The most exciting application of Joint Models is the capability to simulate trajectories of time and illustrate its impact on the probability of the event:
alltkvdatajfitmean[alltkvdatajfitmean $UDERID==2250,]
# conditional survival probabilities for Patient 2250 using Monte Carlo
set.seed(123) # we set the seed for reproducibility
ND <- alltkvdatajfitmean[alltkvdatajfitmean$UDERID == 2250 , ]
survPreds <- vector("list", nrow(ND))
for (i in 1:nrow(ND)) {
set.seed(123)
survPreds[[i]] <- survfitJM(jointfinalmodel , newdata = ND[1:i, ],idVar="UDERID")
}
# plot of the dynamic survival probabilities
par(mfrow = c(2, 2), oma = c(0, 2, 0, 2))
for (i in c(1,2,4,5)) {
plot(survPreds[[i]], estimator = "median", conf.int = TRUE,
include.y = TRUE,fill.area=T, main = paste("Follow-up time:",
round(survPreds[[i]]$last.time, 1)))
arrows(ND$LASTTIMESEEN[1], 1, ND$LASTTIMESEEN[1], 0.9, col= "red",length=0.1)
}
mtext("log Kidney Volume", side = 2, line = -1, outer = TRUE)
mtext("Survival Probability", side = 4, line = -1, outer = TRUE)

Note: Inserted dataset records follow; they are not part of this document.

(* Let $n\ge1$, $k\ge2$, $r=n(k-1)$, and let $\mathbf c_0$ be a stable configuration on the hyperpath $P_n^k$ with bank vertex $0$. Let $\mathcal G(\mathbf c_0)$ be its firing graph. Then: (i) for every $t\in[n]$ and every configuration $\mathbf c$ of $\mathcal G(\mathbf c_0)$, the vertex $t(k-1)$ is fired at $\mathbf c$ (i.e. $\mathbf c$ is not stable and $u_{\mathbf c}=t(k-1)$) if and only if $\mathbf c(t(k-1))=k-1$; (ii) for every configuration $\mathbf c$ of $\mathcal G(\mathbf c_0)$, $\omega(\mathbf c)\ge\omega(\mathbf c_0)$.
   Context: The $k$-uniform hyperpath $P_n^k$ has vertex set $\{0,1,\dots,n(k-1)\}$ and edges $\mathbf e_t=\{(k-1)(t-1),(k-1)(t-1)+1,\dots,(k-1)t\}$ for $t\in[n]$. A configuration is a function $\mathbf c:[r]\to\mathbb Z_{\ge0}$ (the value at the bank vertex $0$ is ignored), with weight $\omega(\mathbf c)=\sum_{v=1}^r\mathbf c(v)$. It is stable if $0\le\mathbf c(v)\le k-2$ for all $v\in[r]$. For a stable $\mathbf c_0$ put $\bar{\mathbf c}_0(v)=\mathbf c_0(v)+1$ for $v\in[k-1]$ and $\bar{\mathbf c}_0(v)=\mathbf c_0(v)$ otherwise. For a non-stable configuration $\mathbf c$ let $u_{\mathbf c}=\max\{v\in[r]:\mathbf c(v)\ge k-1\}$; for each edge $\mathbf e$ containing $u_{\mathbf c}$ define $\mathbf c_{\mathbf e}$ by $\mathbf c_{\mathbf e}(u_{\mathbf c})=\mathbf c(u_{\mathbf c})-(k-1)$, $\mathbf c_{\mathbf e}(v)=\mathbf c(v)+1$ for $v\in\mathbf e\setminus\{u_{\mathbf c},0\}$, and $\mathbf c_{\mathbf e}(v)=\mathbf c(v)$ otherwise ("firing $u_{\mathbf c}$ on $\mathbf e$"). The firing graph $\mathcal G(\mathbf c_0)$ is the directed graph whose vertices are $\mathbf c_0$ together with all configurations obtainable from $\bar{\mathbf c}_0$ by finitely many such firing steps (each applied to a non-stable configuration), and whose arrows are $\mathbf c_0\to\bar{\mathbf c}_0$ and $\mathbf c\to\mathbf c_{\mathbf e}$ for every non-stable vertex $\mathbf c$ and every edge $\mathbf e\ni u_{\mathbf c}$. *)

theory Defs
  imports Main
begin

text \<open>Hyperpath P_n^k: vertices 0..n(k-1), edge t = {(k-1)(t-1) .. (k-1)t} for t in [n].
  Configurations are functions nat => nat; only values on [r] = {1..r} matter.
  Convention: a configuration is represented canonically with value 0 outside [r]
  (in particular at the bank vertex 0).\<close>

definition hp_r :: "nat \<Rightarrow> nat \<Rightarrow> nat" where
  "hp_r n k = n * (k - 1)"

definition hp_edge :: "nat \<Rightarrow> nat \<Rightarrow> nat set" where
  "hp_edge k t = {(k - 1) * (t - 1) .. (k - 1) * t}"

definition is_config :: "nat \<Rightarrow> nat \<Rightarrow> (nat \<Rightarrow> nat) \<Rightarrow> bool" where
  "is_config n k c \<longleftrightarrow> (\<forall>v. v \<notin> {1..hp_r n k} \<longrightarrow> c v = 0)"

definition weight :: "nat \<Rightarrow> nat \<Rightarrow> (nat \<Rightarrow> nat) \<Rightarrow> nat" where
  "weight n k c = (\<Sum>v = 1..hp_r n k. c v)"

definition stable :: "nat \<Rightarrow> nat \<Rightarrow> (nat \<Rightarrow> nat) \<Rightarrow> bool" where
  "stable n k c \<longleftrightarrow> (\<forall>v\<in>{1..hp_r n k}. c v \<le> k - 2)"

definition cbar :: "nat \<Rightarrow> (nat \<Rightarrow> nat) \<Rightarrow> (nat \<Rightarrow> nat)" where
  "cbar k c = (\<lambda>v. if v \<in> {1..k - 1} then c v + 1 else c v)"

definition u_fire :: "nat \<Rightarrow> nat \<Rightarrow> (nat \<Rightarrow> nat) \<Rightarrow> nat" where
  "u_fire n k c = Max {v \<in> {1..hp_r n k}. k - 1 \<le> c v}"

definition fire_on :: "nat \<Rightarrow> nat \<Rightarrow> (nat \<Rightarrow> nat) \<Rightarrow> nat set \<Rightarrow> (nat \<Rightarrow> nat)" where
  "fire_on n k c e = (\<lambda>v. if v = u_fire n k c then c v - (k - 1)
                          else if v \<in> e \<and> v \<noteq> 0 then c v + 1 else c v)"

inductive reach :: "nat \<Rightarrow> nat \<Rightarrow> (nat \<Rightarrow> nat) \<Rightarrow> (nat \<Rightarrow> nat) \<Rightarrow> bool"
  for n k c0 where
  start: "reach n k c0 (cbar k c0)"
| step: "reach n k c0 c \<Longrightarrow> \<not> stable n k c \<Longrightarrow> t \<in> {1..n} \<Longrightarrow>
           u_fire n k c \<in> hp_edge k t \<Longrightarrow> reach n k c0 (fire_on n k c (hp_edge k t))"

definition firing_graph_vertices :: "nat \<Rightarrow> nat \<Rightarrow> (nat \<Rightarrow> nat) \<Rightarrow> (nat \<Rightarrow> nat) set" where
  "firing_graph_vertices n k c0 = insert c0 {c. reach n k c0 c}"

definition firing_graph_arrows :: "nat \<Rightarrow> nat \<Rightarrow> (nat \<Rightarrow> nat) \<Rightarrow> ((nat \<Rightarrow> nat) \<times> (nat \<Rightarrow> nat)) set" where
  "firing_graph_arrows n k c0 = insert (c0, cbar k c0)
     {(c, fire_on n k c (hp_edge k t)) | c t. c \<in> firing_graph_vertices n k c0 \<and>
        \<not> stable n k c \<and> t \<in> {1..n} \<and> u_fire n k c \<in> hp_edge k t}"

end

theory Submission
  imports Defs
begin

text \<open>Write K = k - 1 and call {K(s-1)<..Ks} the s-th block of the hyperpath; its left end
  K(s-1) is the junction with block s - 1, or the bank for s = 1. Along every firing sequence
  there is an active block s: if p is the value at its left end, then p plus the number of
  vertices of the block holding at least p chips is at most K. Every block below s is suspended,
  i.e. satisfies the same bound with its right junction counted as one more such vertex, and
  every vertex above block s holds fewer than K chips. Firing inside the active block raises p
  by one and removes the fired vertex from the count; firing its right junction into the next
  block empties that junction, which suspends the block and activates the next one. Hence every
  left end, the bank included, holds at most K chips, and a junction holding K chips must be the
  largest unstable vertex. Since cbar adds K chips and firing conserves chips once those sent to
  the bank are kept, the bank bound is the weight bound.\<close>

definition fire_at :: "nat \<Rightarrow> (nat \<Rightarrow> nat) \<Rightarrow> nat \<Rightarrow> nat set \<Rightarrow> nat \<Rightarrow> nat" where
  "fire_at K d u e = (\<lambda>v. if v = u then d v - K else if v \<in> e then d v + 1 else d v)"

We can also simulate clinical trial inclusion criteria and see how these patients TKV trajectories and probabilities of events can be projected:

To conclude this blog I wanted to redo the dynamic predictions using ggplot2 and gganimate
Code
library(gganimate)
set.seed(123) # we set the seed for reproducibility
ND <- alltkvdatajfitmean[alltkvdatajfitmean$UDERID == 1557 , ]
e30strictendpointj[e30strictendpointj$UDERID == 1557 , ]
survPreds <- vector("list", nrow(ND))
for (i in 1:nrow(ND)) {
set.seed(123)
survPreds[[i]] <- survfitJM(jointfinalmodel , newdata = ND[1:i, ],idVar="UDERID")
}
survPreds1 <- as.data.frame(survfitJM(
jointfinalmodel ,
newdata = ND[1:1, ],idVar="UDERID")$summaries)
survPreds2 <- as.data.frame(survfitJM(
jointfinalmodel ,
newdata = ND[1:2, ],idVar="UDERID")$summaries)
survPreds3 <- as.data.frame(survfitJM(
jointfinalmodel ,
newdata = ND[1:3, ],idVar="UDERID")$summaries)
survPreds1$frame <- 1
survPreds2$frame <- 2
survPreds3$frame <- 3
survPredsall <- rbind(survPreds1,survPreds2,survPreds3)
names(survPredsall)<- c("times","Mean","Median","Lower","Upper","frame")
ggplot(survPredsall,aes(times,Median))+
geom_line()+
facet_grid(~frame)
survPredsall$facet <- "Survival"
NDobserved <- rbind(ND[1:1,c("MPYRS","logtkv")],
ND[1:2,c("MPYRS","logtkv")],
ND[1:3,c("MPYRS","logtkv")])
NDobserved$frame <- c(1,2,2,3,3,3)
NDobserved$facet <- "Total Kidney Volume"
fitteddata1<- data.frame(
times= as.vector(unlist(survPreds[[1]]$fitted.times))[1],
fittedy= as.vector(unlist(survPreds[[1]]$fitted.y))[1],
logtkv= ND[1:1,"logtkv"]
)
fitteddata1$frame<-1
fitteddata2<- data.frame(
times= as.vector(unlist(survPreds[[2]]$fitted.times))[1:2],
fittedy= as.vector(unlist(survPreds[[2]]$fitted.y))[1:2],
logtkv= ND[1:2,"logtkv"]
)
fitteddata2$frame<-2
fitteddata3<- data.frame(
times= as.vector(unlist(survPreds[[3]]$fitted.times))[1:3],
fittedy= as.vector(unlist(survPreds[[3]]$fitted.y))[1:3],
logtkv= ND[1:3,"logtkv"]
)
fitteddata3$frame<-3
fitteddata<- rbind(fitteddata1,fitteddata2,fitteddata3)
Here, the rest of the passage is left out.